Reproduce exactly the line that contains "eq by linarith" and all lines that follow it in the records below, ending with the last one.

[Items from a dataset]
▶
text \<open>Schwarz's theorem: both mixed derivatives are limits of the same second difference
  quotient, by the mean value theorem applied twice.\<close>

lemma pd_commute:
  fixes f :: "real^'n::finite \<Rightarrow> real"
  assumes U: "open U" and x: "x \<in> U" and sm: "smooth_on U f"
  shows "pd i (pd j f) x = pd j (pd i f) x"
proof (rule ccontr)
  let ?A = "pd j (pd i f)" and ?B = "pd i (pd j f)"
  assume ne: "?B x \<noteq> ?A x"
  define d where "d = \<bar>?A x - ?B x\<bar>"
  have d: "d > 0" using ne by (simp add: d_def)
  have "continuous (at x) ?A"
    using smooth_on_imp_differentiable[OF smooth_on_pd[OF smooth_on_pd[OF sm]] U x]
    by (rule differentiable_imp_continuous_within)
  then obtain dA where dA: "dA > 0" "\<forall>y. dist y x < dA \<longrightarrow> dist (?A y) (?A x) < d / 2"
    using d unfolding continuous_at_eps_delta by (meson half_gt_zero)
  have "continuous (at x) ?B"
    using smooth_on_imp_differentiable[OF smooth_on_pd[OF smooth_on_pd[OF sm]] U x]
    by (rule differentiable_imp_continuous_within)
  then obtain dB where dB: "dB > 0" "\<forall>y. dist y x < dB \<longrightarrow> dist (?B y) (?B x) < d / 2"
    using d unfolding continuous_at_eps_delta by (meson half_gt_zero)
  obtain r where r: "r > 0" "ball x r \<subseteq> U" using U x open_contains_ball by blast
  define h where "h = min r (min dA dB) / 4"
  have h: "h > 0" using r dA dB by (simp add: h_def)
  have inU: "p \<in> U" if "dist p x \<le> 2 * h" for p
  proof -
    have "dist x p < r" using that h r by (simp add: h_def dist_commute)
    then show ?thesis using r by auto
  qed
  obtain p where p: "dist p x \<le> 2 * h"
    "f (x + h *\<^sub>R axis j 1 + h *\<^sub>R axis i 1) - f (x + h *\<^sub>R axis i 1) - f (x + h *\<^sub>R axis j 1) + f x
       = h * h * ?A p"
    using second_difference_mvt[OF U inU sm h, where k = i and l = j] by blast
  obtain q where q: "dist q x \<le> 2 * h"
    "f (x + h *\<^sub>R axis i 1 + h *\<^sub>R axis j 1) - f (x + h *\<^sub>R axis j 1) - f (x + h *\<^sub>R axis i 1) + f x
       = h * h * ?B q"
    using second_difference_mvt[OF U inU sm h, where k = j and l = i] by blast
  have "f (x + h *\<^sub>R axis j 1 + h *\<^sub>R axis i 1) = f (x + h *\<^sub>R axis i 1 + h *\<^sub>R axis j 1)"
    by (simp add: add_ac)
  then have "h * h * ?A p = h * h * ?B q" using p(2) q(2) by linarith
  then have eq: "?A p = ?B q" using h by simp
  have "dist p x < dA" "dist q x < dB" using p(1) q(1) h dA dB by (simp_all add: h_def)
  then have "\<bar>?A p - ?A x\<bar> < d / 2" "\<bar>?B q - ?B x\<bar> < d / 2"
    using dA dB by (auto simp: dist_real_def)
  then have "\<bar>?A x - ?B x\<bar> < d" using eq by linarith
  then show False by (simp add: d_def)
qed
◀
ANSWER:
  then have "\<bar>?A x - ?B x\<bar> < d" using eq by linarith
  then show False by (simp add: d_def)
qed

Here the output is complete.